Collected data
lemma superdiff_if_dir_deriv_le:
  assumes le: "\<And>w. w \<in> inward_cone \<Longrightarrow> dir_deriv u x w \<le> inner p w"
  shows "p \<in> superdiff K u x"
proof (rule superdiffI)
  fix \<eta> :: real assume "\<eta> > 0"
  obtain \<kappa> where "\<kappa> > 0" "\<kappa> \<le> 1" and \<kappa>: "\<kappa> * (L + norm p) \<le> \<eta> / 2"
    using exists_small_factor[of "L + norm p" "\<eta> / 2"] lipschitz_on_nonneg[OF lipschitz] \<open>\<eta> > 0\<close>
    by (metis add_nonneg_nonneg half_gt_zero norm_ge_zero)
  obtain \<delta> where "\<delta> > 0" and unif: "\<And>h w. 0 < h \<Longrightarrow> h < \<delta> \<Longrightarrow> norm w \<le> 2
      \<Longrightarrow> inner \<nu> w + \<kappa> / 4 * norm w \<le> 0 \<Longrightarrow> x + h *\<^sub>R w \<in> K \<and> diff_quot u x h w \<le> dir_deriv u x w + \<eta> / 2"
    using diff_quot_le_dir_deriv_uniform[of "\<kappa> / 4" 2 "\<eta> / 2"] \<open>\<kappa> > 0\<close> \<open>\<eta> > 0\<close> by auto
  obtain \<rho> where "\<rho> > 0"
    and flat: "\<And>y. y \<in> K \<Longrightarrow> norm (y - x) < \<rho> \<Longrightarrow> inner \<nu> (y - x) \<le> \<kappa> / 4 * norm (y - x)"
    using tangent_halfspace_at_flat[OF tangent, of "\<kappa> / 4"] \<open>\<kappa> > 0\<close> by auto
  \<comment> \<open>Split \<open>y - x = h w + h\<kappa>\<nu>\<close> with \<open>w\<close> in a fixed inward cone: the uniform estimate controls
    the quotient along \<open>w\<close>, Lipschitz continuity the small tilt \<open>h\<kappa>\<nu>\<close>.\<close>
  have "u y - u x - inner p (y - x) \<le> \<eta> * norm (y - x)"
    if "y \<in> K" "y \<noteq> x" and y: "norm (y - x) < min \<delta> \<rho>" for y
  proof -
    define h where "h = norm (y - x)"
    define w where "w = (1 / h) *\<^sub>R (y - x) - \<kappa> *\<^sub>R \<nu>"
    have "h > 0" using \<open>y \<noteq> x\<close> by (simp add: h_def)
    have "norm (y - x) < \<rho>" using y by simp
    note w = tilted_direction[OF \<open>y \<noteq> x\<close> flat[OF \<open>y \<in> K\<close> this] \<open>\<kappa> > 0\<close> \<open>\<kappa> \<le> 1\<close>
        w_def[unfolded h_def], folded h_def]
    have "x + h *\<^sub>R w \<in> K" and quot: "diff_quot u x h w \<le> inner p w + \<eta> / 2"
      using unif[OF \<open>h > 0\<close> _ w(3,4)] le[OF w(2)] y by (auto simp: h_def)
    then have "u y - u x - inner p (y - x) \<le> h * (diff_quot u x h w - inner p w) + h * \<kappa> * (L + norm p)"
      using \<open>y \<in> K\<close> \<open>h > 0\<close> \<open>\<kappa> > 0\<close> w(1) by (intro increment_le_diff_quot) auto
    moreover have "h * (diff_quot u x h w - inner p w) \<le> h * (\<eta> / 2)"
      using quot \<open>h > 0\<close> by (intro mult_left_mono) auto
    moreover have "h * \<kappa> * (L + norm p) \<le> h * (\<eta> / 2)"
      using mult_left_mono[OF \<kappa>, of h] \<open>h > 0\<close> by (simp add: mult.assoc)
    ultimately have "u y - u x - inner p (y - x) \<le> h * (\<eta> / 2) + h * (\<eta> / 2)"
      by linarith
    then show ?thesis
      by (simp add: h_def)
  qed
  then show "\<exists>\<delta>>0. \<forall>y\<in>K. norm (y - x) < \<delta> \<longrightarrow> u y - u x - inner p (y - x) \<le> \<eta> * norm (y - x)"
    using \<open>\<delta> > 0\<close> \<open>\<rho> > 0\<close> by (intro exI[of _ "min \<delta> \<rho>"]) force
qed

*REQUIRED ACTION:* Each entry should be retyped exactly as given.

*RESPONSE BOX:*
lemma superdiff_if_dir_deriv_le:
  assumes le: "\<And>w. w \<in> inward_cone \<Longrightarrow> dir_deriv u x w \<le> inner p w"
  shows "p \<in> superdiff K u x"
proof (rule superdiffI)
  fix \<eta> :: real assume "\<eta> > 0"
  obtain \<kappa> where "\<kappa> > 0" "\<kappa> \<le> 1" and \<kappa>: "\<kappa> * (L + norm p) \<le> \<eta> / 2"
    using exists_small_factor[of "L + norm p" "\<eta> / 2"] lipschitz_on_nonneg[OF lipschitz] \<open>\<eta> > 0\<close>
    by (metis add_nonneg_nonneg half_gt_zero norm_ge_zero)
  obtain \<delta> where "\<delta> > 0" and unif: "\<And>h w. 0 < h \<Longrightarrow> h < \<delta> \<Longrightarrow> norm w \<le> 2
      \<Longrightarrow> inner \<nu> w + \<kappa> / 4 * norm w \<le> 0 \<Longrightarrow> x + h *\<^sub>R w \<in> K \<and> diff_quot u x h w \<le> dir_deriv u x w + \<eta> / 2"
    using diff_quot_le_dir_deriv_uniform[of "\<kappa> / 4" 2 "\<eta> / 2"] \<open>\<kappa> > 0\<close> \<open>\<eta> > 0\<close> by auto
  obtain \<rho> where "\<rho> > 0"
    and flat: "\<And>y. y \<in> K \<Longrightarrow> norm (y - x) < \<rho> \<Longrightarrow> inner \<nu> (y - x) \<le> \<kappa> / 4 * norm (y - x)"
    using tangent_halfspace_at_flat[OF tangent, of "\<kappa> / 4"] \<open>\<kappa> > 0\<close> by auto
  \<comment> \<open>Split \<open>y - x = h w + h\<kappa>\<nu>\<close> with \<open>w\<close> in a fixed inward cone: the uniform estimate controls
    the quotient along \<open>w\<close>, Lipschitz continuity the small tilt \<open>h\<kappa>\<nu>\<close>.\<close>
  have "u y - u x - inner p (y - x) \<le> \<eta> * norm (y - x)"
    if "y \<in> K" "y \<noteq> x" and y: "norm (y - x) < min \<delta> \<rho>" for y
  proof -
    define h where "h = norm (y - x)"
    define w where "w = (1 / h) *\<^sub>R (y - x) - \<kappa> *\<^sub>R \<nu>"
    have "h > 0" using \<open>y \<noteq> x\<close> by (simp add: h_def)
    have "norm (y - x) < \<rho>" using y by simp
    note w = tilted_direction[OF \<open>y \<noteq> x\<close> flat[OF \<open>y \<in> K\<close> this] \<open>\<kappa> > 0\<close> \<open>\<kappa> \<le> 1\<close>
        w_def[unfolded h_def], folded h_def]
    have "x + h *\<^sub>R w \<in> K" and quot: "diff_quot u x h w \<le> inner p w + \<eta> / 2"
      using unif[OF \<open>h > 0\<close> _ w(3,4)] le[OF w(2)] y by (auto simp: h_def)
    then have "u y - u x - inner p (y - x) \<le> h * (diff_quot u x h w - inner p w) + h * \<kappa> * (L + norm p)"
      using \<open>y \<in> K\<close> \<open>h > 0\<close> \<open>\<kappa> > 0\<close> w(1) by (intro increment_le_diff_quot) auto
    moreover have "h * (diff_quot u x h w - inner p w) \<le> h * (\<eta> / 2)"
      using quot \<open>h > 0\<close> by (intro mult_left_mono) auto
    moreover have "h * \<kappa> * (L + norm p) \<le> h * (\<eta> / 2)"
      using mult_left_mono[OF \<kappa>, of h] \<open>h > 0\<close> by (simp add: mult.assoc)
    ultimately have "u y - u x - inner p (y - x) \<le> h * (\<eta> / 2) + h * (\<eta> / 2)"
      by linarith
    then show ?thesis
      by (simp add: h_def)
  qed
  then show "\<exists>\<delta>>0. \<forall>y\<in>K. norm (y - x) < \<delta> \<longrightarrow> u y - u x - inner p (y - x) \<le> \<eta> * norm (y - x)"
    using \<open>\<delta> > 0\<close> \<open>\<rho> > 0\<close> by (intro exI[of _ "min \<delta> \<rho>"]) force
qed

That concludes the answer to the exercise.